Energy stores and transfers
Energy is always somewhere (a store) and moves between stores via four transfer pathways.
Modern science doesn't talk about "types of energy" so much as stores:
- Kinetic — energy of moving objects.
- Gravitational potential — raised mass in a gravitational field.
- Elastic potential — stretched or compressed springs and bands.
- Thermal (internal) — total kinetic + potential energy of particles in a substance.
- Chemical — stored in chemical bonds (food, fuels, batteries).
- Nuclear — stored in atomic nuclei (released in fission/fusion).
- Magnetic and electrostatic — stored in fields between magnets or charges.

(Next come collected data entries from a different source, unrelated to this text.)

lemma ex_map_unit_le_iff_le_ex_mu:
  assumes y: "y \<in> ex_car C P A" and x: "x \<in> ex_car C (ex_car C P) A"
  shows "ex_le C (ex_le C le re) (ex_re C re) A (ex_map_unit C re A y) x
     \<longleftrightarrow> ex_le C le re A y (ex_mu C re A x)"
proof -
  obtain Y \<alpha> where y_eq: "y = (Y, \<alpha>)" and \<alpha>: "\<alpha> \<in> P (cprd C A Y)"
    using y by (cases y) (auto simp: ex_car_def)
  obtain E D \<gamma> where x_eq: "x = (E, D, \<gamma>)" and \<gamma>: "\<gamma> \<in> P (cprd C (cprd C A E) D)"
    using x by (cases x) (auto simp: ex_car_def)
  let ?T = "ctrm C" and ?AY = "cprd C A Y"
  let ?p = "cpr1 C ?AY ?T"
  show ?thesis
  proof
    assume "ex_le C (ex_le C le re) (ex_re C re) A (ex_map_unit C re A y) x"
    then obtain f g where f: "f \<in> hom C ?AY E" and g: "g \<in> hom C (cprd C ?AY ?T) D"
      and le_fg: "le (cprd C ?AY ?T) (re ?p \<alpha>)
        (re (cpair C ?p g) (re (cross C (cpair C (cpr1 C A Y) f) (cid C D)) \<gamma>))"
      by (auto simp: y_eq x_eq ex_map_unit_def ex_le_def ex_re_def)
    let ?e = "cpair C (cid C ?AY) (cbang C ?AY)"
    let ?h = "cpair C f (ccmp C g ?e)"
    have "le ?AY (re ?e (re ?p \<alpha>))
        (re ?e (re (cpair C ?p g) (re (cross C (cpair C (cpr1 C A Y) f) (cid C D)) \<gamma>)))"
      using f g \<alpha> \<gamma> by (intro reindex_mono[OF _ _ _ le_fg]) auto
    then have "le ?AY \<alpha> (re (cpair C (cpr1 C A Y) ?h) (re (cassoc C A E D) \<gamma>))"
      using f g \<alpha> \<gamma> by (simp add: cassoc_def cross_def)
    then show "ex_le C le re A y (ex_mu C re A x)"
      using f g by (auto simp: y_eq x_eq ex_le_def ex_mu_def intro!: bexI[of _ ?h])
  next
    assume "ex_le C le re A y (ex_mu C re A x)"
    then obtain h where h: "h \<in> hom C ?AY (cprd C E D)"
      and le_h: "le ?AY \<alpha> (re (cpair C (cpr1 C A Y) h) (re (cassoc C A E D) \<gamma>))"
      by (auto simp: y_eq x_eq ex_le_def ex_mu_def)
    let ?f = "ccmp C (cpr1 C E D) h" and ?g = "ccmp C (cpr2 C E D) (ccmp C h ?p)"
    have "le (cprd C ?AY ?T) (re ?p \<alpha>)
        (re ?p (re (cpair C (cpr1 C A Y) h) (re (cassoc C A E D) \<gamma>)))"
      using h \<alpha> \<gamma> by (intro reindex_mono[OF _ _ _ le_h]) auto
    then have "le (cprd C ?AY ?T) (re ?p \<alpha>)
        (re (cpair C ?p ?g) (re (cross C (cpair C (cpr1 C A Y) ?f) (cid C D)) \<gamma>))"
      using h \<alpha> \<gamma> by (simp add: cassoc_def cross_def)
    moreover have "?f \<in> hom C ?AY E" "?g \<in> hom C (cprd C ?AY ?T) D"
      using h by auto
    ultimately show "ex_le C (ex_le C le re) (ex_re C re) A (ex_map_unit C re A y) x"
      unfolding y_eq x_eq ex_map_unit_def ex_le_def ex_re_def fst_conv snd_conv by blast
  qed
qed

lemma ex_map_unit_in_ex_car:
  "y \<in> ex_car C P A \<Longrightarrow> ex_map_unit C re A y \<in> ex_car C (ex_car C P) A"
  by (auto simp: ex_car_def ex_map_unit_def)

lemma ex_re_ex_map_unit:
  assumes "f \<in> hom C A' A" "y \<in> ex_car C P A"
  shows "ex_re C (ex_re C re) f (ex_map_unit C re A y) = ex_map_unit C re A' (ex_re C re f y)"
  using assms by (auto simp: ex_car_def ex_map_unit_def ex_re_def cross_def)

lemma ex_mu_preserves_rall:
  assumes x: "x \<in> ex_car C (ex_car C P) (cprd C A B)"
    and z_rall: "is_rall C (ex_car C (ex_car C P)) (ex_le C (ex_le C le re) (ex_re C re))
      (ex_re C (ex_re C re)) A B x z"
  shows "is_rall C (ex_car C P) (ex_le C le re) (ex_re C re) A B
      (ex_mu C re (cprd C A B) x) (ex_mu C re A z)"
  unfolding is_rall_def
proof (intro conjI ballI impI)
  let ?p = "cpr1 C A B"
  have z: "z \<in> ex_car C (ex_car C P) A"
    and z_le: "ex_le C (ex_le C le re) (ex_re C re) (cprd C A B) (ex_re C (ex_re C re) ?p z) x"
    and z_max: "\<And>w. w \<in> ex_car C (ex_car C P) A \<Longrightarrow>
       ex_le C (ex_le C le re) (ex_re C re) (cprd C A B) (ex_re C (ex_re C re) ?p w) x \<Longrightarrow>
       ex_le C (ex_le C le re) (ex_re C re) A w z"
    using z_rall unfolding is_rall_def by blast+
  show "ex_mu C re A z \<in> ex_car C P A"
    using z by (rule ex_mu_in_ex_car)
  have "ex_re C (ex_re C re) ?p z \<in> ex_car C (ex_car C P) (cprd C A B)"
    by (rule ex_re_ex_re_closed[OF _ z]) simp
  then have "ex_le C le re (cprd C A B)
      (ex_mu C re (cprd C A B) (ex_re C (ex_re C re) ?p z)) (ex_mu C re (cprd C A B) x)"
    using x z_le by (rule ex_mu_mono)
  then show "ex_le C le re (cprd C A B)
      (ex_re C re ?p (ex_mu C re A z)) (ex_mu C re (cprd C A B) x)"
    by (subst ex_re_ex_mu[OF _ z]) simp_all
  fix y
  assume y: "y \<in> ex_car C P A"
    and "ex_le C le re (cprd C A B) (ex_re C re ?p y) (ex_mu C re (cprd C A B) x)"
  then have "ex_le C (ex_le C le re) (ex_re C re) (cprd C A B)
      (ex_map_unit C re (cprd C A B) (ex_re C re ?p y)) x"
    using ex_map_unit_le_iff_le_ex_mu[OF ex_re_closed[OF _ y] x] by simp
  then have "ex_le C (ex_le C le re) (ex_re C re) A (ex_map_unit C re A y) z"
    using y by (intro z_max ex_map_unit_in_ex_car) (simp_all add: ex_re_ex_map_unit)
  then show "ex_le C le re A y (ex_mu C re A z)"
    using ex_map_unit_le_iff_le_ex_mu[OF y z] by simp
qed

end

theorem lemma2:
  fixes C :: "('o, 'm) cat"
    and P :: "'o \<Rightarrow> 'p set"
    and le :: "'o \<Rightarrow> 'p \<Rightarrow> 'p \<Rightarrow> bool"
    and re :: "'m \<Rightarrow> 'p \<Rightarrow> 'p"
  assumes "ccc C"
    and "doctrine C P le re"
    and "universal C P le re"
  shows "\<forall>A B x z.
           x \<in> ex_car C (ex_car C P) (cprd C A B) \<and>
           is_rall C (ex_car C (ex_car C P)) (ex_le C (ex_le C le re) (ex_re C re))
                   (ex_re C (ex_re C re)) A B x z
           \<longrightarrow> is_rall C (ex_car C P) (ex_le C le re) (ex_re C re) A B
                   (ex_mu C re (cprd C A B) x) (ex_mu C re A z)"
proof -
  have "cartesian C"
    using assms(2) unfolding doctrine_def by (rule conjunct1)
  then interpret pos_doctrine C P le re
    using assms(2)
    by (rule pos_doctrine.intro[OF cartesian_category.intro pos_doctrine_axioms.intro])
  show ?thesis
    using ex_mu_preserves_rall by blast
qed

end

Energy moves between stores by four transfer pathways:
- Mechanically — by a force moving through a distance (pushing, pulling, lifting).
- Electrically — by a current flowing.
- By heating — when there is a temperature difference.
- By radiation — light, infrared, microwaves, sound.
A cyclist pedalling uphill transfers energy chemically (food) → kinetic (legs and bike) → gravitational potential (raised mass). Some is also transferred to thermal (warmth in muscles and tyres).
Conservation of energy: in a closed system, the total energy never changes. It only moves from one store to another. There is no "lost" energy — only wasted energy that ends up in a less useful store (usually thermal, dissipated to surroundings).
- Stores: kinetic, GPE, EPE, thermal, chemical, nuclear, magnetic, electrostatic.
- Transfer pathways: mechanically, electrically, by heating, by radiation.
- Energy is conserved; wasted energy is energy in a less useful store.